I followed worshippers to the shoe check counter, I followed them to the foot-wash pond and I followed a kind man’s advice to cover my head. I followed them through the beautifully decorated main hall where a small man sat cross-legged reading from a huge book beneath a carved marble gazebo. And finally, I followed them to the rear courtyard where many devotees were enjoying the gurdwara’s guru ka langar (communal kitchen).
Once again, I approached tentatively, but soon had a stainless steel thali thrust into my hands by a woman who grabbed it from a stack of hundreds. I sat on the ground in one of the long rows of diners, facing those in the row opposite me. One by one, the rice man, the dal man, and the pickle man visited me. They walked the rows filling whichever section of my partitioned plate was bare. The water man slopped the contents of his bucket into my drinking bowl and to the chapatti man, I raised both hands, holding my palms upwards into which he flopped the warm, round bread.
That was the first of my experiences with Sikh hospitality and I made sure it wasn’t the last. As I cycled through the Sikh-heavy deserts of northern Rajasthan and the Punjab, I would look for a place to rest my head at the end of each day. However, rather than stray from fruit-wallah to paan-wallah to rickshaw-wallah asking for hotel sasta-wallah as I would in other parts of India, I made a beeline for the sparkling white dome of the local gurdwara, the golden spire of which always stood high above the buildings that it surrounded.
Not once were my requests for a bed met with even an inkling of hesitation; only goodwill, warmth, and, of course, chai.
I ate my meals in the various guru ka langars where people of all religion, races, castes, and genders are welcome to receive as much food as they desire, free of charge. The rows in which diners sit side by side, cross-legged on the ground, symbolize that no person is above any other — we are all brothers and sisters and we shall eat and live as such.
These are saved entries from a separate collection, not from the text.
text \<open>
  Let m = |E| and, for an edge e, let M(e) be the larger of the degrees of its two endpoints.
  Since each vertex receives each edge at most once, H(p) = (1/m) \<Sum>_e -log(\<rho>(head e)/m) for
  any orientation.  The proof compares every orientation with the quantity
    L = (1/m) \<Sum>_e -log(M(e)/m).
  Lower bound: in any orientation the head of e has in-degree at most its degree, hence at
  most M(e), so H(p) \<ge> L; in particular OPT(G) \<ge> L.
  Upper bound: for a biased orientation the head of e has degree exactly M(e).  By Gibbs'
  inequality against the distribution d(v)/2m (handshake lemma: \<Sum> d(v) = 2m),
  H(p) \<le> (1/m) \<Sum>_v \<rho>(v) (-log(d(v)/2m)) = (1/m) \<Sum>_e -log(M(e)/2m) = L + 1.
  The file first collects general facts (regrouping sums over heads, in-degree versus degree,
  the handshake lemma, Gibbs' inequality, existence of an optimal orientation), then proves
  the two bounds, and finally combines them.
\<close>

lemma sum_over_heads:
  assumes "finite E" "finite V" "\<And>e. e \<in> E \<Longrightarrow> g e \<in> V"
  shows "(\<Sum>v\<in>V. real (indegree E g v) * f v) = (\<Sum>e\<in>E. f (g e))"
proof -
  have "(\<Sum>e\<in>E. f (g e)) = (\<Sum>v\<in>V. \<Sum>e\<in>{e\<in>E. g e = v}. f (g e))"
    using sum.group[of E V g "\<lambda>e. f (g e)"] assms by (simp add: image_subset_iff)
  also have "\<dots> = (\<Sum>v\<in>V. \<Sum>e\<in>{e\<in>E. g e = v}. f v)"
    by (intro sum.cong refl) auto
  also have "\<dots> = (\<Sum>v\<in>V. real (indegree E g v) * f v)"
    by (simp add: indegree_def)
  finally show ?thesis by simp
qed
(* Let $X=(x_t,t\ge 0)$ and $Y=(y_t,t\ge0)$ be real-valued stochastic processes with continuous paths on a probability space $(\Omega,\mathcal F,\mathbb P)$. Assume $Y$ is strictly stationary and ergodic, and that $|x_t-y_t|\to 0$ almost surely as $t\to\infty$. Let $p\ge 1$ be an integer and $g\in\mathcal C^p(\mathbb R)$ with $k$-th derivative $g^{(k)}$, such that $\mathbb E|g^{(k)}(y_0)|<\infty$ for $k=0,1,\dots,p$, and $g^{(p)}$ is globally Lipschitz. Then $$\frac1T\int_0^T g(x_t)\,dt \longrightarrow \mathbb E\, g(y_0)\quad\text{almost surely as } T\to\infty.$$
   Context: "Strictly stationary and ergodic" is used in the sense that for every measurable $\varphi:\mathbb R\to\mathbb R$ with $\mathbb E|\varphi(y_0)|<\infty$ one has $\frac1T\int_0^T\varphi(y_t)\,dt\to\mathbb E\varphi(y_0)$ almost surely. *)

theory Defs
  imports "HOL-Probability.Probability"
begin

definition time_avg :: "(real \<Rightarrow> real) \<Rightarrow> real \<Rightarrow> real" where
  "time_avg f T = (1 / T) * (LINT t:{0..T}|lborel. f t)"

definition strictly_stationary :: "'a measure \<Rightarrow> (real \<Rightarrow> 'a \<Rightarrow> real) \<Rightarrow> bool" where
  "strictly_stationary M y \<longleftrightarrow>
     (\<forall>n::nat. \<forall>ts::nat \<Rightarrow> real. \<forall>h::real.
        (\<forall>i<n. 0 \<le> ts i) \<longrightarrow> 0 \<le> h \<longrightarrow>
        distr M (PiM {..<n} (\<lambda>_. borel)) (\<lambda>\<omega>. \<lambda>i\<in>{..<n}. y (ts i + h) \<omega>)
        = distr M (PiM {..<n} (\<lambda>_. borel)) (\<lambda>\<omega>. \<lambda>i\<in>{..<n}. y (ts i) \<omega>))"

definition ergodic_process :: "'a measure \<Rightarrow> (real \<Rightarrow> 'a \<Rightarrow> real) \<Rightarrow> bool" where
  "ergodic_process M y \<longleftrightarrow>
     (\<forall>\<phi> \<in> borel_measurable (borel :: real measure).
        integrable M (\<lambda>\<omega>. \<phi> (y 0 \<omega>)) \<longrightarrow>
        (AE \<omega> in M. ((\<lambda>T. time_avg (\<lambda>t. \<phi> (y t \<omega>)) T)
                       \<longlongrightarrow> (\<integral>\<omega>. \<phi> (y 0 \<omega>) \<partial>M)) at_top))"

definition Ck_real :: "nat \<Rightarrow> (real \<Rightarrow> real) \<Rightarrow> bool" where
  "Ck_real p g \<longleftrightarrow>
     (\<forall>k<p. \<forall>t. ((deriv ^^ k) g has_real_derivative (deriv ^^ Suc k) g t) (at t))
     \<and> continuous_on UNIV ((deriv ^^ p) g)"

end

theory Submission
  imports Defs
begin

text \<open>
  Applying the mean value theorem at each order, starting from the Lipschitz derivative
  g^(p), gives the local bound |g a - g b| \<le> |a - b| C(b) for |a - b| \<le> 1, where
  C(b) = |g'(b)| + ... + |g^(p)(b)| + L is integrable along y_0. Once |x_t - y_t| < \<delta>,
  the integrand g(x_t) - g(y_t) is dominated by \<delta> C(y_t), so its time average is
  eventually at most \<delta> (|E C(y_0)| + 1) plus an initial contribution of order 1/T;
  ergodicity, applied to g and to C, does the rest.
\<close>

lemma lipschitz_derivative_increment_bound:
  fixes D :: "nat \<Rightarrow> real \<Rightarrow> real"
  assumes D: "\<And>k t. k < p \<Longrightarrow> (D k has_real_derivative D (Suc k) t) (at t)"
    and lip: "L-lipschitz_on UNIV (D p)"
    and "j \<le> p" and "\<bar>a - b\<bar> \<le> 1"
  shows "\<bar>D j a - D j b\<bar> \<le> \<bar>a - b\<bar> * ((\<Sum>k\<in>{j<..p}. \<bar>D k b\<bar>) + L)"
  using assms(3,4)
proof (induction "p - j" arbitrary: j a)
  case 0
  then have "j = p" by simp
  have "dist (D p a) (D p b) \<le> L * dist a b" by (rule lipschitz_onD[OF lip]) auto
  then show ?case using \<open>j = p\<close> by (simp add: dist_real_def mult.commute)
next
  case (Suc n)
  then have "j < p" by simp
  let ?S = "(\<Sum>k\<in>{Suc j<..p}. \<bar>D k b\<bar>) + L"
  have "0 \<le> ?S" using lipschitz_on_nonneg[OF lip] by (simp add: sum_nonneg)
  have "norm (D j a - D j b) \<le> (\<bar>D (Suc j) b\<bar> + ?S) * norm (a - b)"
  proof (rule field_differentiable_bound[of "cball b 1"])
    show "(D j has_real_derivative D (Suc j) w) (at w within cball b 1)" for w
      using D \<open>j < p\<close> by (blast intro: has_field_derivative_at_within)
    fix w assume "w \<in> cball b 1"
    then have "\<bar>w - b\<bar> \<le> 1" by (simp add: dist_real_def abs_minus_commute)
    then have "\<bar>D (Suc j) w - D (Suc j) b\<bar> \<le> \<bar>w - b\<bar> * ?S"
      using Suc.hyps(1)[of "Suc j" w] Suc.hyps(2) \<open>j < p\<close> by simp
    also have "\<dots> \<le> ?S"
      using \<open>\<bar>w - b\<bar> \<le> 1\<close> \<open>0 \<le> ?S\<close> by (simp add: mult_left_le_one_le)
    finally show "norm (D (Suc j) w) \<le> \<bar>D (Suc j) b\<bar> + ?S" by simp
  qed (use Suc.prems in \<open>auto simp: dist_real_def abs_minus_commute\<close>)
  moreover have "{j<..p} = insert (Suc j) {Suc j<..p}" using \<open>j < p\<close> by auto
  ultimately show ?case by (simp add: add.assoc mult.commute)
qed

lemma Ck_real_continuous_deriv:
  assumes "Ck_real p g" and "k \<le> p"
  shows "continuous_on UNIV ((deriv ^^ k) g)"
proof (cases "k = p")
  case False
  then have "k < p" using \<open>k \<le> p\<close> by simp
  then show ?thesis using assms(1) unfolding Ck_real_def
    by (intro continuous_at_imp_continuous_on) (blast intro: DERIV_isCont)
qed (use assms in \<open>simp add: Ck_real_def\<close>)

lemma Ck_real_increment_bound:
  assumes "Ck_real p g" and "L-lipschitz_on UNIV ((deriv ^^ p) g)" and "\<bar>a - b\<bar> \<le> 1"
  shows "\<bar>g a - g b\<bar> \<le> \<bar>a - b\<bar> * ((\<Sum>k\<in>{0<..p}. \<bar>(deriv ^^ k) g b\<bar>) + L)"
  using lipschitz_derivative_increment_bound[of p "\<lambda>k. (deriv ^^ k) g" L 0 a b] assms
  by (simp add: Ck_real_def)

lemma time_avg_eq_integral:
  assumes "continuous_on {0..T} f"
  shows "time_avg f T = integral {0..T} f / T"
  using set_borel_integral_eq_integral(2)[OF borel_integrable_atLeastAtMost'[OF assms]]
  by (simp add: time_avg_def)

lemma time_avg_diff:
  assumes "continuous_on {0..T} f" and "continuous_on {0..T} g"
  shows "time_avg (\<lambda>t. f t - g t) T = time_avg f T - time_avg g T"
  using assms
  by (simp add: time_avg_eq_integral continuous_on_diff integrable_continuous_interval
      integral_diff diff_divide_distrib)

lemma integral_abs_le_initial_plus_dominated:
  fixes f c :: "real \<Rightarrow> real"
  assumes "continuous_on {0..T} f" and "continuous_on {0..T} c"
    and "0 \<le> T\<^sub>0" and "T\<^sub>0 \<le> T" and "0 \<le> \<delta>"
    and c_nonneg: "\<And>t. t \<in> {0..T} \<Longrightarrow> 0 \<le> c t"
    and dom: "\<And>t. t \<in> {T\<^sub>0..T} \<Longrightarrow> \<bar>f t\<bar> \<le> \<delta> * c t"
  shows "\<bar>integral {0..T} f\<bar> \<le> \<bar>integral {0..T\<^sub>0} f\<bar> + \<delta> * integral {0..T} c"
proof -
  have int_f: "f integrable_on {0..T}" and int_c: "c integrable_on {0..T}"
    using assms(1,2) by (simp_all add: integrable_continuous_interval)
  have int_f': "f integrable_on {T\<^sub>0..T}" and int_c': "c integrable_on {T\<^sub>0..T}"
    using int_f int_c \<open>0 \<le> T\<^sub>0\<close> by (auto intro: integrable_subinterval_real)
  have split_f: "integral {0..T} f = integral {0..T\<^sub>0} f + integral {T\<^sub>0..T} f"
    using Henstock_Kurzweil_Integration.integral_combine[OF assms(3,4) int_f] by simp
  have split_c: "integral {0..T} c = integral {0..T\<^sub>0} c + integral {T\<^sub>0..T} c"
    using Henstock_Kurzweil_Integration.integral_combine[OF assms(3,4) int_c] by simp
  have "\<bar>integral {T\<^sub>0..T} f\<bar> \<le> integral {T\<^sub>0..T} (\<lambda>t. \<delta> * c t)"
    using integral_norm_bound_integral[OF int_f' integrable_cmul[OF int_c', of \<delta>]] dom by simp
  also have "\<dots> = \<delta> * integral {T\<^sub>0..T} c" by simp
  also have "\<dots> \<le> \<delta> * integral {0..T} c"
  proof -
    have "0 \<le> integral {0..T\<^sub>0} c"
      using assms(4) c_nonneg
      by (intro integral_nonneg integrable_subinterval_real[OF int_c]) auto
    then show ?thesis using split_c \<open>0 \<le> \<delta>\<close> by (intro mult_left_mono) auto
  qed
  finally show ?thesis using split_f by linarith
qed

lemma time_avg_tendsto_zero_if_dominated:
  fixes f c :: "real \<Rightarrow> real"
  assumes cont_f: "continuous_on {0..} f" and cont_c: "continuous_on {0..} c"
    and c_nonneg: "\<And>t. 0 \<le> t \<Longrightarrow> 0 \<le> c t"
    and avg_c: "((\<lambda>T. time_avg c T) \<longlongrightarrow> m) at_top"
    and dom: "\<And>\<delta>. 0 < \<delta> \<Longrightarrow> eventually (\<lambda>t. \<bar>f t\<bar> \<le> \<delta> * c t) at_top"
  shows "((\<lambda>T. time_avg f T) \<longlongrightarrow> 0) at_top"
  unfolding tendsto_iff
proof (intro allI impI)
  fix \<epsilon> :: real assume "0 < \<epsilon>"
  define \<delta> where "\<delta> = \<epsilon> / (2 * (\<bar>m\<bar> + 1))"
  have "0 < \<delta>" and \<delta>_m: "\<delta> * (\<bar>m\<bar> + 1) = \<epsilon> / 2"
    using \<open>0 < \<epsilon>\<close> by (simp_all add: \<delta>_def field_simps add_pos_nonneg)
  obtain N where N: "\<And>t. t \<ge> N \<Longrightarrow> \<bar>f t\<bar> \<le> \<delta> * c t"
    using dom[OF \<open>0 < \<delta>\<close>] unfolding eventually_at_top_linorder by blast
  define T\<^sub>0 where "T\<^sub>0 = max N 0"
  define A where "A = \<bar>integral {0..T\<^sub>0} f\<bar>"
  have "eventually (\<lambda>T. time_avg c T < \<bar>m\<bar> + 1) at_top"
    using order_tendstoD(2)[OF avg_c] by simp
  moreover have "eventually (\<lambda>T. max T\<^sub>0 (2 * A / \<epsilon>) < T) at_top"
    by (rule eventually_gt_at_top)
  ultimately show "eventually (\<lambda>T. dist (time_avg f T) 0 < \<epsilon>) at_top"
  proof eventually_elim
    case (elim T)
    then have "0 < T" "T\<^sub>0 \<le> T" "A / T < \<epsilon> / 2"
      using \<open>0 < \<epsilon>\<close> by (auto simp: T\<^sub>0_def field_simps)
    have cont_f_T: "continuous_on {0..T} f" and cont_c_T: "continuous_on {0..T} c"
      using cont_f cont_c by (auto elim: continuous_on_subset)
    have "\<bar>integral {0..T} f\<bar> \<le> A + \<delta> * integral {0..T} c"
      unfolding A_def
      by (rule integral_abs_le_initial_plus_dominated[OF cont_f_T cont_c_T])
        (use \<open>T\<^sub>0 \<le> T\<close> \<open>0 < \<delta>\<close> c_nonneg N in \<open>auto simp: T\<^sub>0_def\<close>)
    then have "\<bar>integral {0..T} f\<bar> / T \<le> (A + \<delta> * integral {0..T} c) / T"
      using \<open>0 < T\<close> by (simp add: divide_right_mono)
    then have "\<bar>time_avg f T\<bar> \<le> A / T + \<delta> * time_avg c T"
      using \<open>0 < T\<close> cont_f_T cont_c_T by (simp add: time_avg_eq_integral add_divide_distrib)
    also have "\<dots> < \<epsilon> / 2 + \<delta> * (\<bar>m\<bar> + 1)"
      using \<open>A / T < \<epsilon> / 2\<close> elim \<open>0 < \<delta>\<close> by (intro add_strict_mono mult_strict_left_mono)
    finally show ?case using \<delta>_m by (simp add: dist_real_def)
  qed
qed

lemma time_avg_tendsto_if_asymptotic:
  fixes x y G C :: "real \<Rightarrow> real"
  assumes cont_x: "continuous_on {0..} x" and cont_y: "continuous_on {0..} y"
    and cont_G: "continuous_on UNIV G" and cont_C: "continuous_on UNIV C"
    and C_nonneg: "\<And>z. 0 \<le> C z"
    and G_increment: "\<And>a b. \<bar>a - b\<bar> \<le> 1 \<Longrightarrow> \<bar>G a - G b\<bar> \<le> \<bar>a - b\<bar> * C b"
    and asymptotic: "((\<lambda>t. \<bar>x t - y t\<bar>) \<longlongrightarrow> 0) at_top"
    and avg_G: "((\<lambda>T. time_avg (\<lambda>t. G (y t)) T) \<longlongrightarrow> l) at_top"
    and avg_C: "((\<lambda>T. time_avg (\<lambda>t. C (y t)) T) \<longlongrightarrow> m) at_top"
  shows "((\<lambda>T. time_avg (\<lambda>t. G (x t)) T) \<longlongrightarrow> l) at_top"
proof -
  have cont_Gx: "continuous_on {0..} (\<lambda>t. G (x t))"
    and cont_Gy: "continuous_on {0..} (\<lambda>t. G (y t))"
    and cont_Cy: "continuous_on {0..} (\<lambda>t. C (y t))"
    using cont_x cont_y
    by (auto intro: continuous_on_compose2[OF cont_G] continuous_on_compose2[OF cont_C])
  have "eventually (\<lambda>t. \<bar>G (x t) - G (y t)\<bar> \<le> \<delta> * C (y t)) at_top" if "0 < \<delta>" for \<delta>
  proof -
    have "eventually (\<lambda>t. \<bar>x t - y t\<bar> < min \<delta> 1) at_top"
      using order_tendstoD(2)[OF asymptotic, of "min \<delta> 1"] \<open>0 < \<delta>\<close> by simp
    then show ?thesis
    proof eventually_elim
      case (elim t)
      then have "\<bar>G (x t) - G (y t)\<bar> \<le> \<bar>x t - y t\<bar> * C (y t)" by (intro G_increment) simp
      also have "\<dots> \<le> \<delta> * C (y t)" using elim C_nonneg by (intro mult_right_mono) auto
      finally show ?case .
    qed
  qed
  then have "((\<lambda>T. time_avg (\<lambda>t. G (x t) - G (y t)) T) \<longlongrightarrow> 0) at_top"
    using cont_Gx cont_Gy cont_Cy C_nonneg avg_C
    by (intro time_avg_tendsto_zero_if_dominated) (auto intro: continuous_on_diff)
  from tendsto_add[OF this avg_G] show ?thesis
    using cont_Gx cont_Gy by (simp add: time_avg_diff continuous_on_subset)
qed

theorem theorem3p2:
  fixes M :: "'a measure" and x y :: "real \<Rightarrow> 'a \<Rightarrow> real"
    and g :: "real \<Rightarrow> real" and p :: nat
  assumes "prob_space M"
    and "\<And>t. x t \<in> borel_measurable M"
    and "\<And>t. y t \<in> borel_measurable M"
    and "\<And>\<omega>. \<omega> \<in> space M \<Longrightarrow> continuous_on {0..} (\<lambda>t. x t \<omega>)"
    and "\<And>\<omega>. \<omega> \<in> space M \<Longrightarrow> continuous_on {0..} (\<lambda>t. y t \<omega>)"
    and "strictly_stationary M y"
    and "ergodic_process M y"
    and "AE \<omega> in M. ((\<lambda>t. \<bar>x t \<omega> - y t \<omega>\<bar>) \<longlongrightarrow> 0) at_top"
    and "p \<ge> 1"
    and "Ck_real p g"
    and "\<And>k. k \<le> p \<Longrightarrow> integrable M (\<lambda>\<omega>. (deriv ^^ k) g (y 0 \<omega>))"
    and "\<exists>L. L-lipschitz_on UNIV ((deriv ^^ p) g)"
  shows "AE \<omega> in M. ((\<lambda>T. time_avg (\<lambda>t. g (x t \<omega>)) T)
                       \<longlongrightarrow> (\<integral>\<omega>. g (y 0 \<omega>) \<partial>M)) at_top"
proof -
  interpret prob_space M by (rule assms(1))
  obtain L where lip: "L-lipschitz_on UNIV ((deriv ^^ p) g)" using assms(12) by blast
  define C where "C z = (\<Sum>k\<in>{0<..p}. \<bar>(deriv ^^ k) g z\<bar>) + L" for z
  have C_nonneg: "0 \<le> C z" for z
    using lipschitz_on_nonneg[OF lip] by (simp add: C_def sum_nonneg)
  have cont_deriv: "continuous_on UNIV ((deriv ^^ k) g)" if "k \<le> p" for k
    using Ck_real_continuous_deriv[OF assms(10) that] .
  have cont_g: "continuous_on UNIV g" using cont_deriv[of 0] by simp
  have cont_C: "continuous_on UNIV C" unfolding C_def by (intro continuous_intros cont_deriv) auto
  have "integrable M (\<lambda>\<omega>. C (y 0 \<omega>))"
    unfolding C_def using assms(11)
    by (intro Bochner_Integration.integrable_add Bochner_Integration.integrable_sum
        integrable_abs integrable_const) auto
  then have avg_C: "AE \<omega> in M. ((\<lambda>T. time_avg (\<lambda>t. C (y t \<omega>)) T)
                                 \<longlongrightarrow> (\<integral>\<omega>. C (y 0 \<omega>) \<partial>M)) at_top"
    using assms(7) borel_measurable_continuous_onI[OF cont_C] unfolding ergodic_process_def by blast
  have avg_g: "AE \<omega> in M. ((\<lambda>T. time_avg (\<lambda>t. g (y t \<omega>)) T)
                                 \<longlongrightarrow> (\<integral>\<omega>. g (y 0 \<omega>) \<partial>M)) at_top"
    using assms(7,11) borel_measurable_continuous_onI[OF cont_g]
    unfolding ergodic_process_def by fastforce
  have g_increment: "\<bar>g a - g b\<bar> \<le> \<bar>a - b\<bar> * C b" if "\<bar>a - b\<bar> \<le> 1" for a b
    using Ck_real_increment_bound[OF assms(10) lip that] by (simp add: C_def)
  from assms(8) avg_C avg_g AE_space show ?thesis
  proof eventually_elim
    case (elim \<omega>)
    then show ?case
      by (intro time_avg_tendsto_if_asymptotic[OF assms(4,5) cont_g cont_C C_nonneg g_increment])
  qed
qed

end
Approaching temples for hospitality initially began with a financially based motive — they were free. However I soon discovered a reason far more valuable than saving rupees. At temples I was a guest rather than a client. The more I lived off the charity of others, the easier it became to remove the guilt associated with accepting charity. I made the heartwarming realization that such guilt was completely unwarranted because the charity was never given with the purpose of receiving anything in return.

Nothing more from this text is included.